> Task prompt
Search the listing below for the string "norm" and copy every line where it occurs.

BEGIN

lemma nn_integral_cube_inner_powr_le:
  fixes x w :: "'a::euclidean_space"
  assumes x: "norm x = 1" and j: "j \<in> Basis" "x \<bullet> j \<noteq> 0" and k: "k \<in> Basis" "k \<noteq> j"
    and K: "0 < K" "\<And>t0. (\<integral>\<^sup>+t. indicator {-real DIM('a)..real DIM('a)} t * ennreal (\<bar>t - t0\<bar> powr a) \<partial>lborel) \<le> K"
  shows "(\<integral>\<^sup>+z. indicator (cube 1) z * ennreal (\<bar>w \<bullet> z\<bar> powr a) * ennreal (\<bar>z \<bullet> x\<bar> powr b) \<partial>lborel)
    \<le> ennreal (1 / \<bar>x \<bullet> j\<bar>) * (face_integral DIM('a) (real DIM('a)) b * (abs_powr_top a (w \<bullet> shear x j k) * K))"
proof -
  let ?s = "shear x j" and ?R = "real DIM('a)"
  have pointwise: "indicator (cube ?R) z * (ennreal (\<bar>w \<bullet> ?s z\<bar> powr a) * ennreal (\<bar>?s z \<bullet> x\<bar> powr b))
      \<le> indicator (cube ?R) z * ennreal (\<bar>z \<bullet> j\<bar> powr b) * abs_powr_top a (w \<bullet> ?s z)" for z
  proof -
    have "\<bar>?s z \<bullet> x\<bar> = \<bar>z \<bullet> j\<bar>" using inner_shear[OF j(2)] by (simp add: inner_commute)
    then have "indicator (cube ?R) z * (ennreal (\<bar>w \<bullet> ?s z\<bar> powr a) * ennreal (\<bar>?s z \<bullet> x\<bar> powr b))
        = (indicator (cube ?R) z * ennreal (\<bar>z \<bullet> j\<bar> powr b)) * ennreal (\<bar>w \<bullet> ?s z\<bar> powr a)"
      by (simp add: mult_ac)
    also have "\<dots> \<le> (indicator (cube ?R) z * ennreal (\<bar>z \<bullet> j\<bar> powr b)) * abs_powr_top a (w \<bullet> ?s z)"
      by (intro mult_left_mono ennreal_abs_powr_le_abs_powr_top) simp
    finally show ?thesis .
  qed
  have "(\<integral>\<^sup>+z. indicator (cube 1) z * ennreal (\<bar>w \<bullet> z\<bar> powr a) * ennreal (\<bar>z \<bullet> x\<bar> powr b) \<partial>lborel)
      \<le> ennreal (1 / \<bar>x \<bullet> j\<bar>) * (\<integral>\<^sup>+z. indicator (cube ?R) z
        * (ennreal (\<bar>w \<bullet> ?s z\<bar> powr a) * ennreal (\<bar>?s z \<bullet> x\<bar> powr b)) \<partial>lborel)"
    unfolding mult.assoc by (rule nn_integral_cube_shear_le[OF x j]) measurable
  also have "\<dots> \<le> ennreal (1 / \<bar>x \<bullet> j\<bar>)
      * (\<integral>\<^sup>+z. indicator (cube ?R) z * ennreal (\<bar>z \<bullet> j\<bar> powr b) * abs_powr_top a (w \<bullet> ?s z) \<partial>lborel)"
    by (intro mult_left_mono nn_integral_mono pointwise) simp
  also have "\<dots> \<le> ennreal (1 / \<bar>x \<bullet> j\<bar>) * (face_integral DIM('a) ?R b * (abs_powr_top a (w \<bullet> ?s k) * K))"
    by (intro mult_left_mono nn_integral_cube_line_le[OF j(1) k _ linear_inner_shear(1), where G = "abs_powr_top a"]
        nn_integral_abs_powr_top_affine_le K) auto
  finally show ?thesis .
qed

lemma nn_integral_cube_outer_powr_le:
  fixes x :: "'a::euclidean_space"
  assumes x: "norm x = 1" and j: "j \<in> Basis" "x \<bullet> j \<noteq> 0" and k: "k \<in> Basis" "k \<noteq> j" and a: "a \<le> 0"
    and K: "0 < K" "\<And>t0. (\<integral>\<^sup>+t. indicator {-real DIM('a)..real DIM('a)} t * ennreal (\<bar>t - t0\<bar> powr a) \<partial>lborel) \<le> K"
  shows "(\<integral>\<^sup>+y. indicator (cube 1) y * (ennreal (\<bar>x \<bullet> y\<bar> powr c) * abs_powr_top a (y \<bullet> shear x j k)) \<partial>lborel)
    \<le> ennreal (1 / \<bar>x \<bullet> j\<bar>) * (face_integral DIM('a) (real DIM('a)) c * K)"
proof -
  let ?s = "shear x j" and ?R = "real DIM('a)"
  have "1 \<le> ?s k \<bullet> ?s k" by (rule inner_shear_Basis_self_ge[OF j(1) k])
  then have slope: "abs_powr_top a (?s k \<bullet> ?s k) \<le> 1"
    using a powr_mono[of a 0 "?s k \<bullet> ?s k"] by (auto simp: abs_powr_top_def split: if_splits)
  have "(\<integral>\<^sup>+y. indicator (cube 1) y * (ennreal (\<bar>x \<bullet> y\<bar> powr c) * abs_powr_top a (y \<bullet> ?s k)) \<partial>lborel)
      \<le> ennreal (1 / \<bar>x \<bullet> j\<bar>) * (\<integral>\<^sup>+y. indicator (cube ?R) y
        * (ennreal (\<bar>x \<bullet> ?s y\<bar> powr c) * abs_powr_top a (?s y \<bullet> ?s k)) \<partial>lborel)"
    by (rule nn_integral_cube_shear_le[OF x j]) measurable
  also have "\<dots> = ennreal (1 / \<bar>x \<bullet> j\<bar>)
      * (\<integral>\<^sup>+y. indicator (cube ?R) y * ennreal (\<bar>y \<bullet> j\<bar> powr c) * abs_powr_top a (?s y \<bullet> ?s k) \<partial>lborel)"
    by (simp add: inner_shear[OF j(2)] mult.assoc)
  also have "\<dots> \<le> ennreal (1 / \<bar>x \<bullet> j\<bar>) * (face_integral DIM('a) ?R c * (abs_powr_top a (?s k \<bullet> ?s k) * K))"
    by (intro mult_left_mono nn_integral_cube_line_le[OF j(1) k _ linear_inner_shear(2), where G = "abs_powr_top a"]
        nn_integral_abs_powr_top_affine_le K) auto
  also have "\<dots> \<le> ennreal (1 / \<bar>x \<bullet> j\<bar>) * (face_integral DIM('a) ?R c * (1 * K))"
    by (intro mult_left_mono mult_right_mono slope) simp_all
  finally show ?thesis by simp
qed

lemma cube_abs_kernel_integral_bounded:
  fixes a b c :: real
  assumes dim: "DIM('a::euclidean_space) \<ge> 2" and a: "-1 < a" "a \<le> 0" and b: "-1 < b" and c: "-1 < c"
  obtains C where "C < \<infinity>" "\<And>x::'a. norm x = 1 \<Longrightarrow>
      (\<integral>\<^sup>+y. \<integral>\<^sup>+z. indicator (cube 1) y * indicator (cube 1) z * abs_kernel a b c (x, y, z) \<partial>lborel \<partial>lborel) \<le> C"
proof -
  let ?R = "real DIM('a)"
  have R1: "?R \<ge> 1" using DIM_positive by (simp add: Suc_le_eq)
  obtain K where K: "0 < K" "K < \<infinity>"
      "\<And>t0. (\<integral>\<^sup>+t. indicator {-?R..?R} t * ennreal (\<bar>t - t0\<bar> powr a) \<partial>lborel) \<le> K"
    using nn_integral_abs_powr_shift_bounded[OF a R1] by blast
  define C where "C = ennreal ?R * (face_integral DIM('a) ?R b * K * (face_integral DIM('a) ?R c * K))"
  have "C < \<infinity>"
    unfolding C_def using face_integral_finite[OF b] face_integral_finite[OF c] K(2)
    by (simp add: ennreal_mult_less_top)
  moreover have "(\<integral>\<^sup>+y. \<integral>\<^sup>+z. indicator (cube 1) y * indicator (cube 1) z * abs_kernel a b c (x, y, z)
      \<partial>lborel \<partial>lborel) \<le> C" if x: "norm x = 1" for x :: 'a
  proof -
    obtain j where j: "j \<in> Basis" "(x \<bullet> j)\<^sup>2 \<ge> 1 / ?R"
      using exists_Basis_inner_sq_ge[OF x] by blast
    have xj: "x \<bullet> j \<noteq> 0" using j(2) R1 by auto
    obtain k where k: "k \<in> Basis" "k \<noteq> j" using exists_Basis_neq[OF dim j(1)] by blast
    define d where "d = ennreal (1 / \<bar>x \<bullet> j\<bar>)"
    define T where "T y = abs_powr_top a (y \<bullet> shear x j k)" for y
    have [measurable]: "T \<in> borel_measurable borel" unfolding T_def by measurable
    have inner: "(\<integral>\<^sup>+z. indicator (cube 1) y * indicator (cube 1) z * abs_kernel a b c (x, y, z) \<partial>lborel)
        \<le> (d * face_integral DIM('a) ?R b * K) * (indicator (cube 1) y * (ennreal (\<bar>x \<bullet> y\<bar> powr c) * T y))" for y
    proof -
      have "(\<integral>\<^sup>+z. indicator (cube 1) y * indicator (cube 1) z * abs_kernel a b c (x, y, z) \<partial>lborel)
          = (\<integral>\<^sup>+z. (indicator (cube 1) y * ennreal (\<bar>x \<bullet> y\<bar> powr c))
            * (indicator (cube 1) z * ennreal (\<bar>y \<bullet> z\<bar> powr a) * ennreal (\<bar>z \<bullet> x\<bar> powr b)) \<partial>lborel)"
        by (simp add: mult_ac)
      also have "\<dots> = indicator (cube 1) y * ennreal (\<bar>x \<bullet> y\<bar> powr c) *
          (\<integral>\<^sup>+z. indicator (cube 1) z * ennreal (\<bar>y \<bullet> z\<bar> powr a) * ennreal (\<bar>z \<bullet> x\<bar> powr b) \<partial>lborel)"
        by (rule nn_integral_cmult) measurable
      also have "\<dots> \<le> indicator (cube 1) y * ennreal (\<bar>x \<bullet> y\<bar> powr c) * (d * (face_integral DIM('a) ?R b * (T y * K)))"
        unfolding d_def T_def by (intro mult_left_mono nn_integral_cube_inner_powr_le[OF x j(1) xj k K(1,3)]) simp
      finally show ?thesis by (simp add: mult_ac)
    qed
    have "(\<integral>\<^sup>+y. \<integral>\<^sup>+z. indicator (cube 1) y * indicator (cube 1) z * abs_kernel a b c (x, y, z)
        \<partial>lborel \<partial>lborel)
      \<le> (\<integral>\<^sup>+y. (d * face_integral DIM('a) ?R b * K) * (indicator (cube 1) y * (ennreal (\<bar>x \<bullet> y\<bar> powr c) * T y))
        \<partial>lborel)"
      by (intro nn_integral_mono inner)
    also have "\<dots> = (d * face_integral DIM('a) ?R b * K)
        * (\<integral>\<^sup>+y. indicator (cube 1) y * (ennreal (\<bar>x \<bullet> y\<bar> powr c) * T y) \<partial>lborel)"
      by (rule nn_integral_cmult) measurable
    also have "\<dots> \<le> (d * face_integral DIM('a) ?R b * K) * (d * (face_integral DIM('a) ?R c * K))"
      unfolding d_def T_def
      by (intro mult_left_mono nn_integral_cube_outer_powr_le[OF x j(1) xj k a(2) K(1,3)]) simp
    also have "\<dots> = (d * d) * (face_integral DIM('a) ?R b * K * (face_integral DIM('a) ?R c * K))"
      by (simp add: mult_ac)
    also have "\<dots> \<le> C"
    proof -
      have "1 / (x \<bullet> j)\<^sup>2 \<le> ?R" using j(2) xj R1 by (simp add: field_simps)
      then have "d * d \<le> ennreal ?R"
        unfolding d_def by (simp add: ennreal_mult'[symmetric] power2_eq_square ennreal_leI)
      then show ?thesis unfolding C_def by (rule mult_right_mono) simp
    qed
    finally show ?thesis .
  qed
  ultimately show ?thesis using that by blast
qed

END

> Written solution
  assumes x: "norm x = 1" and j: "j \<in> Basis" "x \<bullet> j \<noteq> 0" and k: "k \<in> Basis" "k \<noteq> j"
  assumes x: "norm x = 1" and j: "j \<in> Basis" "x \<bullet> j \<noteq> 0" and k: "k \<in> Basis" "k \<noteq> j" and a: "a \<le> 0"
  obtains C where "C < \<infinity>" "\<And>x::'a. norm x = 1 \<Longrightarrow>
      \<partial>lborel \<partial>lborel) \<le> C" if x: "norm x = 1" for x :: 'a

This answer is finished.